Further, moments higher than the dipole moment are used because the
results provide higher accuracy in modeling the electric field of
the antibody than simply using the monopole moment, dipole moment,
or lumped model. In other embodiments, additional or fewer
multipole moments could be used.
[0069] FIG. 4C depicts an embodiment of charge values at sites 222
of a CG model 214. The first site 222-1 has a first charge value
q.sub.1, the second site 222-2 has a second charge value q.sub.2,
the third sites 222-3 has a third charge value q.sub.3, the fourth
site 222-4 has a fourth charge value q.sub.4, the fifth site 222-5
has a fifth charge value q.sub.5, and the sixth site 222-6 has a
sixth charge value q.sub.6. Charges of sites 222 of the second arm
mirror charge values q of sites 222 of the first arm.
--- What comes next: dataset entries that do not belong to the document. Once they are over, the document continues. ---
lemma bip_modularity_split_off_leaf_edge:
  assumes leaf: "(l, c) \<in> E" "\<forall>e\<in>E. fst e = l \<longrightarrow> e = (l, c)"
  defines "S \<equiv> {l, c}"
  shows "bip_modularity isred E {S, V - S}
    = 2 * (real (card E) - real (card {e \<in> E. snd e \<in> S})) / (real (card E))^2"
proof -
  define m where "m = card E"
  define b where "b = card {e \<in> E. snd e \<in> S}"
  have S_sub: "S \<subseteq> V" using leaf(1) edges_subset unfolding S_def by force
  have red_in_S: "{e \<in> E. fst e \<in> S} = {(l, c)}"
    using leaf red_blue[OF leaf(1)] red_blue unfolding S_def by fastforce
  have "{e \<in> E. fst e \<in> S \<and> snd e \<in> S} = {e \<in> {e \<in> E. fst e \<in> S}. snd e \<in> S}"
    by auto
  also have "\<dots> = {(l, c)}" unfolding red_in_S by (auto simp: S_def)
  finally have c_S: "edges_in E S = 1" "card {e \<in> E. fst e \<in> S} = 1" "card {e \<in> E. snd e \<in> S} = b"
    unfolding edges_in_def b_def red_in_S by simp_all
  have fst_in_S: "fst e \<in> S \<longleftrightarrow> e = (l, c)" if "e \<in> E" for e
    using red_in_S that by blast
  have c_in_S: "c \<in> S" unfolding S_def by simp
  have "{e \<in> E. fst e \<in> V - S \<and> snd e \<in> V - S} = E - {e \<in> E. snd e \<in> S}"
    "{e \<in> E. fst e \<in> V - S} = E - {(l, c)}"
    "{e \<in> E. snd e \<in> V - S} = E - {e \<in> E. snd e \<in> S}"
    using fst_in_S c_in_S edges_subset by fastforce+
  then have c_rest: "edges_in E (V - S) = m - b" "card {e \<in> E. fst e \<in> V - S} = m - 1"
    "card {e \<in> E. snd e \<in> V - S} = m - b"
    unfolding edges_in_def m_def b_def using leaf(1) finite_edges by (simp_all add: card_Diff_subset)
  have "b \<le> m"
    unfolding b_def m_def by (rule card_mono[OF finite_edges]) auto
  have "0 < m"
    unfolding m_def using leaf(1) finite_edges by (auto simp: card_gt_0_iff)
  have fin_S: "finite S" and fin_rest: "finite (V - S)"
    using finite_vertices S_sub by (auto intro: finite_subset)
  have "S \<noteq> V - S" unfolding S_def by blast
  then have "bip_modularity isred E {S, V - S}
      = community_modularity isred E S + community_modularity isred E (V - S)"
    unfolding bip_modularity_eq_sum by simp
  also have "\<dots> = 2 * (real m - real b) / (real m)^2"
    using \<open>b \<le> m\<close> \<open>0 < m\<close> unfolding community_modularity_eq[OF fin_S] community_modularity_eq[OF fin_rest]
      c_S c_rest m_def[symmetric]
    by (simp add: of_nat_diff field_simps power2_eq_square)
  finally show ?thesis unfolding m_def b_def .
qed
Accordingly,
the seventh site 222-7 mirrors the third site 222-3 and has a
charge value equal to the third charge value q.sub.3; the eighth
site 222-8 mirrors the fourth site 222-4 and has a charge value
equal to the fourth charge value q.sub.4; the ninth site 222-9
mirrors the fifth site 222-5 and has a charge value equal to the
fifth charge value q.sub.5; the tenth site 222-10 mirrors the sixth
site 222-6 and has a charge value equal to the sixth charge value
q.sub.6.
[0070] Though the example in FIG. 4C shows a CG model 214 that has
symmetric arms, other embodiments do not have symmetric arms or
symmetric charges in arms. Locations of sites 222 in one arm can be
positioned to not mirror a location of a site 222 in the other arm.
In another example, a CG model 214 contains 16 sites 222.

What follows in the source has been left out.